California Refinery Fined $1 Million for Breaking Drinking Water Laws

June 18, 2007

A California refinery was sentenced to three years probation and ordered to pay a criminal penalty for violating the Safe Drinking Water Act. The company must apply $500,000 of the $1 million penalty towards the Los Padres National Forest Restoration Project.

Investigators from the U.S. Environmental Protection Agency and the Department of Justice determined that Santa Maria Refining Co., located in Santa Maria, Calif., and a subsidiary of Greka Energy Corp., disposed of contaminated wastewater into wells that were not permitted for that use, posing a risk to groundwater supplies.
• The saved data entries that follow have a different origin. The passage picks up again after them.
text \<open>In a path that is flat after l, all pairings stay inside {1..l}: a pairing
  reaching past l would return to its level already at position l.\<close>
lemma flat_paired_within:
  assumes mp: "motzkin_path p" and flat: "flat_after l p" and l: "l \<le> length p"
    and pr: "paired p a b"
  shows "a \<le> l \<and> b \<le> l"
proof -
  have b: "1 \<le> a" "a < b" "b \<le> length p" "p ! (a - 1) = 1" "psum p a b = 0"
     and no_return: "\<forall>t. a < t \<and> t < b \<longrightarrow> psum p a t \<noteq> 0"
    using pr unfolding paired_def by auto
  have al: "a \<le> l"
  proof (rule ccontr)
    assume "\<not> a \<le> l"
    then have "p ! (a - 1) = 0" using flat b unfolding flat_after_def by auto
    then show False using b by simp
  qed
  show ?thesis
  proof (rule ccontr)
    assume "\<not> (a \<le> l \<and> b \<le> l)"
    then have bl: "l < b" using al by simp
    have "height p b = height p l" using flat_height_const[OF flat, of b] bl b by simp
    then have returns: "psum p a l = 0" using b psum_height[of a b p] psum_height[of a l p] al l by simp
    show False
    proof (cases "a = l")
      case True
      have "height p a = height p (a - 1) + 1" using height_Suc[of "a - 1" p] b by simp
      then show False using returns True psum_height[of a a p] b by simp
    next
      case False
      then show False using no_return returns al bl by auto
    qed
  qed
qed

lemma linked_flat_within:
  assumes "motzkin_path p" "flat_after l p" "l \<le> length p" "linked p a b"
  shows "1 \<le> a \<and> a \<le> l \<and> 1 \<le> b \<and> b \<le> l"
  using assms(4) flat_paired_within[OF assms(1-3), of a b] flat_paired_within[OF assms(1-3), of b a]
    paired_bounds[of p a b] paired_bounds[of p b a]
  unfolding linked_def by auto

lemma finite_paths: "finite (paths k r)"
proof (rule finite_subset)
  show "paths k r \<subseteq> {xs. set xs \<subseteq> {-1,0,1} \<and> length xs = k}"
    unfolding paths_def motzkin_path_def by auto
  show "finite {xs. set xs \<subseteq> ({-1,0,1}::int set) \<and> length xs = k}"
    by (rule finite_lists_length_eq) simp
qed

text \<open>A path of length l has rank at most l, so there are none of larger rank.\<close>
lemma paths_rank_too_large:
  assumes "l < r"
  shows "paths l r = {}"
proof -
  have sum_bound: "sum_list p \<le> int (length p)" if "\<forall>a\<in>set p. a \<in> {-1,0,1}" for p :: "int list"
    using that by (induction p) auto
  have "rank p \<le> int l" if "p \<in> paths l r" for p
  proof -
    from that have "length p = l" "\<forall>a\<in>set p. a \<in> {-1,0,1}"
      unfolding paths_def motzkin_path_def by auto
    then show ?thesis using sum_bound unfolding rank_def by blast
  qed
  then show ?thesis using assms unfolding paths_def by fastforce
qed

lemma flat_paths_padding:
  assumes lk: "l \<le> k"
  shows "{p \<in> paths k r. flat_after l p} = (\<lambda>q. q @ replicate (k - l) 0) ` paths l r"
proof
  show "(\<lambda>q. q @ replicate (k - l) 0) ` paths l r \<subseteq> {p \<in> paths k r. flat_after l p}"
  proof
    fix p assume "p \<in> (\<lambda>q. q @ replicate (k - l) 0) ` paths l r"
    then obtain q where q: "q \<in> paths l r" and p: "p = q @ replicate (k - l) 0" by blast
    have ql: "length q = l" and mq: "motzkin_path q" and rq: "sum_list q = int r"
      using q unfolding paths_def rank_def by auto
    have "0 \<le> sum_list (take n p)" for n
    proof (cases "n \<le> l")
      case True
      then show ?thesis using p mq ql unfolding motzkin_path_def by simp
    next
      case False
      then have "sum_list (take n p) = sum_list q" using p ql by (simp add: sum_list_replicate)
      then show ?thesis using mq ql unfolding motzkin_path_def by (metis order_refl take_all)
    qed
    moreover have "\<forall>a\<in>set p. a \<in> {-1,0,1}"
      using p mq unfolding motzkin_path_def by (auto split: if_splits)
    ultimately have "motzkin_path p" unfolding motzkin_path_def by blast
    moreover have "length p = k" "rank p = int r" "flat_after l p"
      using p ql rq lk unfolding rank_def flat_after_def by (auto simp: nth_append sum_list_replicate)
    ultimately show "p \<in> {p \<in> paths k r. flat_after l p}" unfolding paths_def by auto
  qed
next
  show "{p \<in> paths k r. flat_after l p} \<subseteq> (\<lambda>q. q @ replicate (k - l) 0) ` paths l r"
  proof
    fix p assume "p \<in> {p \<in> paths k r. flat_after l p}"
    then have len: "length p = k" and mp: "motzkin_path p" and rp: "sum_list p = int r"
      and flat: "flat_after l p"
      unfolding paths_def rank_def by auto
    have "drop l p = replicate (k - l) 0"
    proof (rule nth_equalityI)
      show "length (drop l p) = length (replicate (k - l) (0::int))" using len by simp
      fix i assume i: "i < length (drop l p)"
      then have "l < Suc (l + i) \<and> Suc (l + i) \<le> length p" using len by simp
      then have "p ! (Suc (l + i) - 1) = 0" using flat unfolding flat_after_def by blast
      then show "drop l p ! i = replicate (k - l) 0 ! i" using i lk len by simp
    qed
    then have pe: "p = take l p @ replicate (k - l) 0" by (metis append_take_drop_id)
    have "sum_list (take l p) = int r" using rp by (subst (asm) pe) (simp add: sum_list_replicate)
    then have "take l p \<in> paths l r"
      using mp len lk unfolding paths_def rank_def motzkin_path_def by (auto dest: in_set_takeD)
    then show "p \<in> (\<lambda>q. q @ replicate (k - l) 0) ` paths l r" using pe by blast
  qed
qed

lemma card_flat_paths: "l \<le> k \<Longrightarrow> card {p \<in> paths k r. flat_after l p} = mcount l r"
  unfolding flat_paths_padding mcount_def by (rule card_image) (simp add: inj_on_def)

lemma sconn_refl: "sconn d p u u"
  unfolding sconn_def by simp

lemma sconn_step: "sadj d p u v \<Longrightarrow> sconn d p v w \<Longrightarrow> sconn d p u w"
  unfolding sconn_def by (simp add: converse_rtrancl_into_rtrancl)

lemma sconn_isolated: "sconn d p u v \<Longrightarrow> (\<And>w. \<not> sadj d p u w) \<Longrightarrow> v = u"
  unfolding sconn_def by (auto elim: converse_rtranclE)

lemma sconn_closed:
  assumes "sconn d p u v" "u \<in> C" "\<And>a b. a \<in> C \<Longrightarrow> sadj d p a b \<Longrightarrow> b \<in> C"
  shows "v \<in> C"
  using assms(1) unfolding sconn_def
  by (induction rule: rtrancl_induct) (use assms(2,3) in auto)

section \<open>The stacked picture of 1_{l,k} over a path\<close>

lemma idl_edge:
  assumes "l \<le> k"
  shows "({a, b} \<in> idl l k \<and> a \<noteq> b) \<longleftrightarrow>
    (\<exists>j. 1 \<le> j \<and> j \<le> l \<and> ((a = Top j \<and> b = Bot j) \<or> (a = Bot j \<and> b = Top j)))"
  using assms unfolding idl_def doubleton_eq_iff by auto

lemma sadj_idl:
  assumes "l \<le> k"
  shows "sadj (idl l k) p u v \<longleftrightarrow>
    (\<exists>j. 1 \<le> j \<and> j \<le> l \<and> ((u = T j \<and> v = Mid j) \<or> (u = Mid j \<and> v = T j))) \<or>
    (\<exists>i j. linked p i j \<and> u = Mid i \<and> v = Mid j)"
proof -
  have "(\<exists>a b. {a, b} \<in> idl l k \<and> a \<noteq> b \<and> u = emb a \<and> v = emb b) \<longleftrightarrow>
    (\<exists>j. 1 \<le> j \<and> j \<le> l \<and> ((u = T j \<and> v = Mid j) \<or> (u = Mid j \<and> v = T j)))"
  proof
    assume "\<exists>a b. {a, b} \<in> idl l k \<and> a \<noteq> b \<and> u = emb a \<and> v = emb b"
    then obtain a b where "{a, b} \<in> idl l k \<and> a \<noteq> b" "u = emb a" "v = emb b" by blast
    then show "\<exists>j. 1 \<le> j \<and> j \<le> l \<and> ((u = T j \<and> v = Mid j) \<or> (u = Mid j \<and> v = T j))"
      unfolding idl_edge[OF assms] emb_def by auto
  next
    assume "\<exists>j. 1 \<le> j \<and> j \<le> l \<and> ((u = T j \<and> v = Mid j) \<or> (u = Mid j \<and> v = T j))"
    then obtain j where j: "1 \<le> j" "j \<le> l" "(u = T j \<and> v = Mid j) \<or> (u = Mid j \<and> v = T j)" by blast
    have "{Top j, Bot j} \<in> idl l k \<and> Top j \<noteq> Bot j" "{Bot j, Top j} \<in> idl l k \<and> Bot j \<noteq> Top j"
      unfolding idl_edge[OF assms] using j by blast+
    then show "\<exists>a b. {a, b} \<in> idl l k \<and> a \<noteq> b \<and> u = emb a \<and> v = emb b"
      using j(3) unfolding emb_def by (metis vtx.simps(5,6))
  qed
  then show ?thesis unfolding sadj_def linked_def by blast
qed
The wastewater contained benzene, which can cause anemia, excessive bleeding and cancer, and also affects the immune system.
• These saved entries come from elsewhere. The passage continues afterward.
lemma state_carrier_mtrace:
  "k' \<le> k \<Longrightarrow> state N M p \<tau> T T' \<rho>0 x k' \<in> carrier_mat (N * M) (N * M) \<and>
     mtrace (state N M p \<tau> T T' \<rho>0 x k') = 1"
proof (induction k')
  case (Suc k')
  hence S: "state N M p \<tau> T T' \<rho>0 x k' \<in> carrier_mat (N * M) (N * M)"
    "mtrace (state N M p \<tau> T T' \<rho>0 x k') = 1" by auto
  hence "noise p \<tau> (state N M p \<tau> T T' \<rho>0 x k') \<in> carrier_mat (N * M) (N * M)"
    "mtrace (noise p \<tau> (state N M p \<tau> T T' \<rho>0 x k')) = 1"
    using \<tau> mtrace_noise[OF S(1) \<tau>] by (auto simp: noise_def)
  thus ?case using query_round_carrier_mtrace Suc.prems by (simp add: query_round_def)
qed (use \<rho>0 in simp)

text \<open>Each run of the noisy algorithm either escapes the noise throughout (weight \<open>(1 - p)^k'\<close>),
  or is last reset to \<open>\<tau>\<close> before round \<open>k' - 1 - t\<close> and then runs noiselessly for \<open>t + 1\<close> rounds.\<close>
lemma noise_decomposition:
  "k' \<le> k \<Longrightarrow> lin_functional (N * M) \<phi> \<Longrightarrow> \<phi> (state N M p \<tau> T T' \<rho>0 x k') =
     of_real ((1 - p) ^ k') * \<phi> (query_rounds N M T T' x 0 k' \<rho>0) +
     (\<Sum>t<k'. of_real (p * (1 - p) ^ t) * \<phi> (query_rounds N M T T' x (k' - 1 - t) (t + 1) \<tau>))"
proof (induction k' arbitrary: \<phi>)
  case (Suc k')
  let ?S = "state N M p \<tau> T T' \<rho>0 x k'" and ?q = "1 - p"
  define \<psi> where "\<psi> A = \<phi> (query_round N M T T' x k' A)" for A
  have lin: "lin_functional (N * M) \<psi>"
    unfolding \<psi>_def using lin_functional_query_round Suc.prems by simp
  have S: "?S \<in> carrier_mat (N * M) (N * M)" "mtrace ?S = 1"
    using state_carrier_mtrace Suc.prems by auto
  have step: "\<psi> (query_rounds N M T T' x j t A) = \<phi> (query_rounds N M T T' x j (Suc t) A)"
    if "j + t = k'" for j t A
    unfolding \<psi>_def using that by simp
  have "\<phi> (state N M p \<tau> T T' \<rho>0 x (Suc k')) = \<psi> (of_real p \<cdot>\<^sub>m \<tau> + of_real ?q \<cdot>\<^sub>m ?S)"
    unfolding \<psi>_def by (simp add: query_round_def noise_def S(2))
  also have "\<dots> = of_real p * \<psi> \<tau> + of_real ?q * \<psi> ?S"
    using lin \<tau> S unfolding lin_functional_def by simp
  also have "\<psi> ?S = of_real (?q ^ k') * \<psi> (query_rounds N M T T' x 0 k' \<rho>0) +
      (\<Sum>t<k'. of_real (p * ?q ^ t) * \<psi> (query_rounds N M T T' x (k' - 1 - t) (t + 1) \<tau>))"
    using Suc.prems by (intro Suc.IH lin) simp
  also have "\<psi> (query_rounds N M T T' x 0 k' \<rho>0) = \<phi> (query_rounds N M T T' x 0 (Suc k') \<rho>0)"
    by (rule step) simp
  also have "(\<Sum>t<k'. of_real (p * ?q ^ t) * \<psi> (query_rounds N M T T' x (k' - 1 - t) (t + 1) \<tau>)) =
      (\<Sum>t<k'. of_real (p * ?q ^ t) * \<phi> (query_rounds N M T T' x (k' - 1 - t) (Suc t + 1) \<tau>))"
    by (intro sum.cong refl) (auto simp: \<psi>_def)
  also have "\<psi> \<tau> = \<phi> (query_rounds N M T T' x k' 1 \<tau>)"
    using step[of k' 0] by simp
  also have "of_real p * \<phi> (query_rounds N M T T' x k' 1 \<tau>) +
      of_real ?q * (of_real (?q ^ k') * \<phi> (query_rounds N M T T' x 0 (Suc k') \<rho>0) +
        (\<Sum>t<k'. of_real (p * ?q ^ t) * \<phi> (query_rounds N M T T' x (k' - 1 - t) (Suc t + 1) \<tau>)))
    = of_real (?q ^ Suc k') * \<phi> (query_rounds N M T T' x 0 (Suc k') \<rho>0) +
      (\<Sum>t<Suc k'. of_real (p * ?q ^ t) * \<phi> (query_rounds N M T T' x (Suc k' - 1 - t) (t + 1) \<tau>))"
    unfolding sum.lessThan_Suc_shift
    by (simp add: distrib_left sum_distrib_left mult_ac del: query_rounds.simps of_real_diff)
  finally show ?case .
qed simp

end

end

lemma quantum_channels_kraus:
  assumes "\<forall>i<k. quantum_channel d (T i) \<and> quantum_channel d (T' i)"
  obtains KK KK' where "\<And>r. r < k \<Longrightarrow> kraus_rep d (T r) (KK r) \<and> kraus_isometry d (KK r)"
    "\<And>r. r < k \<Longrightarrow> kraus_rep d (T' r) (KK' r) \<and> kraus_isometry d (KK' r)"
proof -
  have "\<forall>r. \<exists>K. r < k \<longrightarrow> kraus_rep d (T r) K \<and> kraus_isometry d K"
    "\<forall>r. \<exists>K. r < k \<longrightarrow> kraus_rep d (T' r) K \<and> kraus_isometry d K"
    using assms quantum_channel_kraus by metis+
  thus ?thesis using that by metis
qed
The company was also sentenced for making false statements to the EPA. In addition to the penalty and probation, the company must pay the EPA $15,500 in restitution, and must implement an independently audited environmental compliance program.

Three individual defendants have also pleaded guilty to making false statements to EPA in connection with this case. They each face statutory maximum sentences of five years in federal prison. Sentencing is pending.

Since April 2004, the EPA has been investigating allegations that officials at Greka had knowingly and routinely discharged oil refinery waste into underground injection wells that are permitted only for the disposal of brine, which is separated from crude oil during the refining process.

In June 2006, EPA fined Greka’s Santa Maria facility $127,500 for unauthorized disposal of oil refinery wastewater into the facility’s injection wells.